DATA FOR PROCESSING below:
lemma graded_forest_attach_leaves:
  assumes forest: "graded_forest V E" and "L \<subseteq> V" and "inj_on nw L" and "nw ` L \<inter> V = {}"
  shows "graded_forest (V \<union> nw ` L) (E \<union> {{u, nw u} | u. u \<in> L})"
  using forest
proof (rule graded_forestE)
  fix h :: "'a \<Rightarrow> real"
  assume "\<And>e. e \<in> E \<Longrightarrow> \<exists>a b. e = {a, b}"
    and "\<And>x y. {x, y} \<in> E \<Longrightarrow> x \<in> V \<and> y \<in> V \<and> h x \<noteq> h y"
    and "\<And>x y z. {x, y} \<in> E \<Longrightarrow> {x, z} \<in> E \<Longrightarrow> h y < h x \<Longrightarrow> h z < h x \<Longrightarrow> y = z"
  then show ?thesis using assms(2-) by (rule graded_forest_leaf_edges)
qed

context
  fixes V :: "'a set" and E :: "'a set set" and h :: "'a \<Rightarrow> real"
    and S :: "'a set" and v nw :: "'a \<Rightarrow> 'a"
  assumes shape: "\<And>e. e \<in> E \<Longrightarrow> \<exists>a b. e = {a, b}"
    and edge: "\<And>x y. {x, y} \<in> E \<Longrightarrow> x \<in> V \<and> y \<in> V \<and> h x \<noteq> h y"
    and lower: "\<And>x y z. {x, y} \<in> E \<Longrightarrow> {x, z} \<in> E \<Longrightarrow> h y < h x \<Longrightarrow> h z < h x \<Longrightarrow> y = z"
    and subdivided: "\<And>u. u \<in> S \<Longrightarrow> {u, v u} \<in> E"
    and distinct_edges: "inj_on (\<lambda>u. {u, v u}) S"
    and inj: "inj_on nw S" and fresh: "nw ` S \<inter> V = {}"
begin

abbreviation subdivided_edges :: "'a set set" where
  "subdivided_edges \<equiv>
     (E - {{u, v u} | u. u \<in> S}) \<union> {{u, nw u} | u. u \<in> S} \<union> {{nw u, v u} | u. u \<in> S}"

definition subdivision_height :: "'a \<Rightarrow> real" where
  "subdivision_height w =
     (if w \<in> nw ` S then (h (inv_into S nw w) + h (v (inv_into S nw w))) / 2 else h w)"

definition subdivision_node :: "'a set \<Rightarrow> 'a" where
  "subdivision_node e = nw (inv_into S (\<lambda>u. {u, v u}) e)"

lemma subdivided_ends: "u \<in> S \<Longrightarrow> u \<in> V \<and> v u \<in> V \<and> h u \<noteq> h (v u)"
  using edge subdivided by blast

lemma subdivision_height_old: "x \<in> V \<Longrightarrow> subdivision_height x = h x"
  using fresh by (auto simp: subdivision_height_def)

lemma subdivision_height_new: "u \<in> S \<Longrightarrow> subdivision_height (nw u) = (h u + h (v u)) / 2"
  using inj by (simp add: subdivision_height_def)

lemma subdivision_node_edge: "u \<in> S \<Longrightarrow> subdivision_node {u, v u} = nw u"
  using inv_into_f_f[OF distinct_edges] by (simp add: subdivision_node_def)

lemma subdivided_edges_cases:
  assumes "{x, y} \<in> subdivided_edges"
  shows "({x, y} \<in> E \<and> {x, y} \<notin> {{u, v u} | u. u \<in> S})
    \<or> (\<exists>u\<in>S. (x = u \<or> x = v u) \<and> y = nw u) \<or> (\<exists>u\<in>S. x = nw u \<and> (y = u \<or> y = v u))"
proof -
  have "{x, y} \<in> E - {{u, v u} | u. u \<in> S} \<or> (\<exists>u\<in>S. {x, y} = {u, nw u} \<or> {x, y} = {nw u, v u})"
    using assms by blast
  then show ?thesis by (auto simp: doubleton_eq_iff)
qed

lemma subdivided_edge_heights:
  assumes "e \<in> subdivided_edges"
  shows "\<exists>a b. e = {a, b} \<and> a \<in> V \<union> nw ` S \<and> b \<in> V \<union> nw ` S
    \<and> subdivision_height a \<noteq> subdivision_height b"
proof -
  consider "e \<in> E" | u where "u \<in> S" "e = {u, nw u}" | u where "u \<in> S" "e = {nw u, v u}"
    using assms by blast
  then show ?thesis
  proof cases
    case 1
    then obtain a b where "e = {a, b}" "a \<in> V" "b \<in> V" "h a \<noteq> h b" using shape edge by blast
    then show ?thesis using subdivision_height_old by (intro exI[of _ a] exI[of _ b]) auto
  next
    case 2
    then have "subdivision_height u \<noteq> subdivision_height (nw u)"
      using subdivision_height_new[of u] subdivision_height_old[of u] subdivided_ends[of u]
      by (auto simp: field_simps)
    with 2 subdivided_ends show ?thesis by (intro exI[of _ u] exI[of _ "nw u"] conjI) auto
  next
    case 3
    then have "subdivision_height (nw u) \<noteq> subdivision_height (v u)"
      using subdivision_height_new[of u] subdivision_height_old[of "v u"] subdivided_ends[of u]
      by (auto simp: field_simps)
    with 3 subdivided_ends show ?thesis by (intro exI[of _ "nw u"] exI[of _ "v u"] conjI) auto
  qed
qed

lemma subdivided_lower_nbr_old:
  assumes x: "x \<in> V" and xy: "{x, y} \<in> subdivided_edges"
    and below: "subdivision_height y < subdivision_height x"
  obtains b where "{x, b} \<in> E" "h b < h x"
    "y = (if {x, b} \<in> {{u, v u} | u. u \<in> S} then subdivision_node {x, b} else b)"
proof -
  have "x \<notin> nw ` S" using x fresh by blast
  then consider "{x, y} \<in> E" "{x, y} \<notin> {{u, v u} | u. u \<in> S}"
    | u where "u \<in> S" "x = u" "y = nw u" | u where "u \<in> S" "x = v u" "y = nw u"
    using subdivided_edges_cases[OF xy] by blast
  then show thesis
  proof cases
    case 1
    then have "h y < h x" using below x edge subdivision_height_old by simp
    with 1 show thesis by (intro that) auto
  next
    case 2
    then have "h (v u) < h x" using below x subdivision_height_new subdivision_height_old by simp
    with 2 show thesis using subdivided subdivision_node_edge by (intro that[of "v u"]) auto
  next
    case 3
    then have "h u < h x" using below x subdivision_height_new subdivision_height_old by simp
    moreover have "{x, u} = {u, v u}" using 3 by (simp add: insert_commute)
    ultimately show thesis using 3 subdivided subdivision_node_edge by (intro that[of u]) auto
  qed
qed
End of DATA FOR PROCESSING.
From the listing, tally every line with the word "have" in it and give only the tally.

8